# [Aim of the exercise]
Send back the whole listing untouched.

# [Exercise materials]

definition sweepout_width :: "'v set set \<Rightarrow> 'v set \<Rightarrow> (nat \<Rightarrow> 'v set) \<Rightarrow> nat" where
  "sweepout_width E A F = Max {card (edges_between E (F j) (A - F j)) | j. j \<le> card A}"

definition sweepwidth :: "'v set set \<Rightarrow> 'v set \<Rightarrow> nat" where
  "sweepwidth E A = Inf {sweepout_width E A F | F. is_sweepout A F}"

end

theory Submission
  imports Defs
begin

text \<open>
  Split \<open>B \<subseteq> G/H\<close> at scale \<open>M\<close> using a set \<open>F \<subseteq> G\<close> with \<open>|F| \<le> max (M/4) 1\<close> and
  \<open>|\<partial>F| / |F| = \<Phi>\<^sub>G(M/4)\<close>. For a coset \<open>y\<close>, push the counting measure of \<open>F\<close> to \<open>G/H\<close>
  along \<open>f \<mapsto> f y\<close> and take its level sets inside \<open>B\<close>. Summed over all \<open>y\<close> and thresholds,
  these level sets have total size \<open>|B| |F|\<close>, while their cuts in \<open>B\<close> total at most \<open>|\<partial>F| |B|\<close>,
  since a Schreier edge is only cut at thresholds between the values at its endpoints and
  the difference is paid for by Cayley boundary edges of \<open>F\<close>. Hence some level set \<open>P\<close>,
  of size at most \<open>|F|\<close>, has \<open>|E(P, B - P)| \<le> \<Phi>\<^sub>G(M/4) |P|\<close>. Accumulating such pieces
  yields \<open>B = B\<^sub>1 \<union> B\<^sub>2\<close> with both parts of size at most \<open>M\<close> and at most \<open>\<Phi>\<^sub>G(M/4) M\<close>
  edges between them.

  Concatenating sweepouts gives \<open>sw(B\<^sub>1 \<union> B\<^sub>2) \<le> max (sw B\<^sub>1) (sw B\<^sub>2) + |E(B\<^sub>1, B\<^sub>2)|\<close>.
  Recursing with \<open>M\<close> running through \<open>(3/4)\<^sup>k |A|\<close> down to sets of at most five
  elements, whose sweepwidth is at most 6, each scale is charged once along every branch of
  the recursion, so the bound holds even without the factor 2.
\<close>

section \<open>Cuts and sweepouts\<close>

lemma edge_boundaryI: "{u, v} \<in> E \<Longrightarrow> u \<in> F \<Longrightarrow> v \<notin> F \<Longrightarrow> {u, v} \<in> edge_boundary E F"
  unfolding edge_boundary_def by auto

lemma finite_edges_between:
  assumes "finite X" "finite Y"
  shows "finite (edges_between E X Y)"
proof -
  have "edges_between E X Y \<subseteq> (\<lambda>(u, v). {u, v}) ` (X \<times> Y)"
    unfolding edges_between_def by auto
  then show ?thesis
    using assms by (meson finite_SigmaI finite_imageI finite_subset)
qed

lemma card_edges_between_le_mult:
  assumes "finite X" "finite Y"
  shows "card (edges_between E X Y) \<le> card X * card Y"
proof -
  have "edges_between E X Y \<subseteq> (\<lambda>(u, v). {u, v}) ` (X \<times> Y)"
    unfolding edges_between_def by auto
  then have "card (edges_between E X Y) \<le> card ((\<lambda>(u, v). {u, v}) ` (X \<times> Y))"
    using assms by (intro card_mono) auto
  also have "\<dots> \<le> card (X \<times> Y)"
    by (rule card_image_le) (use assms in auto)
  finally show ?thesis
    by (simp add: card_cartesian_product)
qed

# [Problem solution]
definition sweepout_width :: "'v set set \<Rightarrow> 'v set \<Rightarrow> (nat \<Rightarrow> 'v set) \<Rightarrow> nat" where
  "sweepout_width E A F = Max {card (edges_between E (F j) (A - F j)) | j. j \<le> card A}"

definition sweepwidth :: "'v set set \<Rightarrow> 'v set \<Rightarrow> nat" where
  "sweepwidth E A = Inf {sweepout_width E A F | F. is_sweepout A F}"

end

theory Submission
  imports Defs
begin

text \<open>
  Split \<open>B \<subseteq> G/H\<close> at scale \<open>M\<close> using a set \<open>F \<subseteq> G\<close> with \<open>|F| \<le> max (M/4) 1\<close> and
  \<open>|\<partial>F| / |F| = \<Phi>\<^sub>G(M/4)\<close>. For a coset \<open>y\<close>, push the counting measure of \<open>F\<close> to \<open>G/H\<close>
  along \<open>f \<mapsto> f y\<close> and take its level sets inside \<open>B\<close>. Summed over all \<open>y\<close> and thresholds,
  these level sets have total size \<open>|B| |F|\<close>, while their cuts in \<open>B\<close> total at most \<open>|\<partial>F| |B|\<close>,
  since a Schreier edge is only cut at thresholds between the values at its endpoints and
  the difference is paid for by Cayley boundary edges of \<open>F\<close>. Hence some level set \<open>P\<close>,
  of size at most \<open>|F|\<close>, has \<open>|E(P, B - P)| \<le> \<Phi>\<^sub>G(M/4) |P|\<close>. Accumulating such pieces
  yields \<open>B = B\<^sub>1 \<union> B\<^sub>2\<close> with both parts of size at most \<open>M\<close> and at most \<open>\<Phi>\<^sub>G(M/4) M\<close>
  edges between them.

  Concatenating sweepouts gives \<open>sw(B\<^sub>1 \<union> B\<^sub>2) \<le> max (sw B\<^sub>1) (sw B\<^sub>2) + |E(B\<^sub>1, B\<^sub>2)|\<close>.
  Recursing with \<open>M\<close> running through \<open>(3/4)\<^sup>k |A|\<close> down to sets of at most five
  elements, whose sweepwidth is at most 6, each scale is charged once along every branch of
  the recursion, so the bound holds even without the factor 2.
\<close>

section \<open>Cuts and sweepouts\<close>

lemma edge_boundaryI: "{u, v} \<in> E \<Longrightarrow> u \<in> F \<Longrightarrow> v \<notin> F \<Longrightarrow> {u, v} \<in> edge_boundary E F"
  unfolding edge_boundary_def by auto

lemma finite_edges_between:
  assumes "finite X" "finite Y"
  shows "finite (edges_between E X Y)"
proof -
  have "edges_between E X Y \<subseteq> (\<lambda>(u, v). {u, v}) ` (X \<times> Y)"
    unfolding edges_between_def by auto
  then show ?thesis
    using assms by (meson finite_SigmaI finite_imageI finite_subset)
qed

lemma card_edges_between_le_mult:
  assumes "finite X" "finite Y"
  shows "card (edges_between E X Y) \<le> card X * card Y"
proof -
  have "edges_between E X Y \<subseteq> (\<lambda>(u, v). {u, v}) ` (X \<times> Y)"
    unfolding edges_between_def by auto
  then have "card (edges_between E X Y) \<le> card ((\<lambda>(u, v). {u, v}) ` (X \<times> Y))"
    using assms by (intro card_mono) auto
  also have "\<dots> \<le> card (X \<times> Y)"
    by (rule card_image_le) (use assms in auto)
  finally show ?thesis
    by (simp add: card_cartesian_product)
qed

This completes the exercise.